Wygląd można zmienić: kiedyś stosowałam w gabinecie zabieg z kremem cynamonowym - to działało na pewno. Po za tym zimne i ciepłe prysznice na przemian, to z domowych sposobów. Mam znajomą, która o dłuższego czasu zamawia sobie masaż odchudzający i antycelulitowy, a przy tym relaks gwarantowany i to Ci polecam.Znajoma ma widoczne efekty, celulitu co raz mniej....Jeśli chodzi o stylizację - w necie znajdziesz na pewno bardzo dużo podpowiedzi, jak się ubierać mając parę kilo w zanadrzu. Na szczęście w modzie są teraz różnego rodzaju tuniki z lejących materiałów , co bardzo korzystnie ukrywa oponki. Zadbaj o manicure i pedicure, kup seksowne buty na obcasie, które będziesz mogła nosić na co dzień. Jest teraz bardzo dużo czasopism, w których znajdziesz na pewno konstruktywne porady. Fajnie jakbyś miała obok siebie koleżankę, która mogłaby Ci pomóc w zakupach.
poziomcia
24 sierpnia 2010, 23:06
Przeczytalam twoje ostatnie wpisy i ciesze sie ze zaczelas myslec pozytywnie ! :) co do zabiegów w salonach - prawda jest taka ze kosztuja naprawde sporo a efekty mozna uzyskac takie same w domu tylko potrzeba systematycznosci - wiec bo mialam praktyki w takim salonie - w glowie sie nie miesci na co ludzie pieniadze wydaja i to nawet po pare tysięcy ;/ na cellulit i ujedrnienie fajnie działa bańka chińska - na zasadzie masazu próżniowego takiego jak w salonach , z innych rzeczy to maska z kawy cynamonu imbiru i oliwki - przepisy sa na necie - posmarowac nogi zawinac w folie i trzymac z godzine - efekty natychmiastowe ! :)
Karolina83.
24 sierpnia 2010, 20:02
Polecam masaż banka chunska, mozna samemu w domu wykonywac :) Mi po takich 3 masazach cellulit prawie zniknal, powaznie.

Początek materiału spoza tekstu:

(* Let $\beta_\bullet\in\{\beta,\beta_v\}$, let $\to_{\beta_\bullet}$ be the contextual closure of the rule $\beta_\bullet$ on $\Lambda_{\mathcal O}$, and let $\rightsquigarrow_U$ be the unbiased iteration of an associated surface reduction (as defined in the context). Then: 1. $\rightsquigarrow_U$ is RD-diamond: whenever $M_1\leftsquigarrow_U M\rightsquigarrow_U M_2$, either $M_1=M_2$ or there is $P$ with $M_1\rightsquigarrow_UP$ and $M_2\rightsquigarrow_UP$. 2. $\rightsquigarrow_U$ has the same normal forms as $\to_{\beta_\bullet}$. 3. If $N$ is $\beta_\bullet$-normal and $M\to_{\beta_\bullet}^*N$, then $M\rightsquigarrow_U^*N$.
   Context: Terms: $M::=x\mid\lambda x.M\mid MM\mid \mathsf{op}(M,\dots,M)$ where $\mathsf{op}$ ranges over a (possibly empty) set $\mathcal O$ of operator symbols with fixed arities, up to renaming of bound variables; this set is $\Lambda_{\mathcal O}$. Values: $V::=x\mid\lambda x.M$. Contexts: $C::=[\,]\mid MC\mid CM\mid\lambda x.C\mid\mathsf{op}(M,\dots,C,\dots,M)$. Rules: $(\lambda x.M)N\mapsto_\beta M\{N/x\}$; $(\lambda x.M)V\mapsto_{\beta_v}M\{V/x\}$ for $V$ a value. $\to_{\beta_\bullet}$ is the closure of the rule under all contexts. Head contexts $H::=[\,]\mid\lambda x.H\mid HM$; weak $W::=[\,]\mid WM\mid MW$; left $L::=[\,]\mid LM\mid VL$; right $R::=[\,]\mid MR\mid RV$. Surface reduction $\to_s$: for $\beta$, the closure of $\beta$ under head contexts; for $\beta_v$, the closure of $\beta_v$ under weak, or left, or right contexts (any one choice). $\rightsquigarrow_U\subseteq\to_{\beta_\bullet}$ is defined inductively: if $M\to_sM'$ then $M\rightsquigarrow_UM'$; if $M$ is $\to_s$-normal, $M\rightsquigarrow_UM'$ is given by: $\lambda x.P\rightsquigarrow_U\lambda x.P'$ if $P\rightsquigarrow_UP'$; $PQ\rightsquigarrow_UP'Q$ if $P\rightsquigarrow_UP'$; $PQ\rightsquigarrow_UPQ'$ if $Q\rightsquigarrow_UQ'$; $\mathsf{op}(\dots,P_i,\dots)\rightsquigarrow_U\mathsf{op}(\dots,P_i',\dots)$ if $P_i\rightsquigarrow_UP_i'$. *)

theory Defs
  imports Main
begin

(* Lambda terms with operators, in de Bruijn representation (terms up to alpha). *)
datatype 'o trm = Var nat | Lam "'o trm" | App "'o trm" "'o trm" | Op 'o "'o trm list"

fun wf :: "('o \<Rightarrow> nat) \<Rightarrow> 'o trm \<Rightarrow> bool" where
  "wf ar (Var i) = True"
| "wf ar (Lam t) = wf ar t"
| "wf ar (App s t) = (wf ar s \<and> wf ar t)"
| "wf ar (Op f ts) = (length ts = ar f \<and> (\<forall>t\<in>set ts. wf ar t))"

Wpisz na allegro banki chinskie i bedziesz wiedziala jakie to sa. Do tego oliwka i jedziesz z masazem. Pamietaj aby masowac sie w strone pachwin ;)
Przede wszystkim nie myśl o sobie w takich negatywach. Powinnaś zacząć zauważać, że jesteś interesującą osobą i masz u boku ukochaną osobę bez względu na kilosy... a to, że gdzieś tam uśmiecha się rozstęp z bioderka ;) daj spokój ja mam 23 lata a już jako małolata nabawiłam się ich megawielką ilość gdy schudłam. Zaakceptowałam je...wybladły, wrzuciłam na luz i czuję się piękna. Zaczęłam zauważać to co we mnie ładne nawet gdy dopiero chudłam :) i Ty też zauważ siebie jako kobietę, kobietę która mimo nadwagi jest sexy dla swojego faceta. Spróbuj wymienić szafę, "dorobić się" krzykliwszych dodatków do nawet klasycznych ubranek to na prawdę dużo zmieni. Odważ się pomalowac mocniej jesli czujesz, że doda Ci to pewności siebie. Co do zabiegów na skóre teraz z lenistwa stosuję rzadko ale..wszelkiego typu żele, balsamy ujędrniająco-cellulitowe (polecam serię Eveline) rozsmaruj w nefralgicznych miejscach i owiń je blisko ciała zwykłą folią spożywczą :D po kilku zabiegach poczujesz i zauważysz różnicę w napięciu skóry (kiedyś miałam bzika i nawet spałam z tym czymś całą noc-ale wbrew różnym opiniom nicmi nie było) ;) Pozdrawiam serdecznie i trzymam mocno kciuki za Ciebie :)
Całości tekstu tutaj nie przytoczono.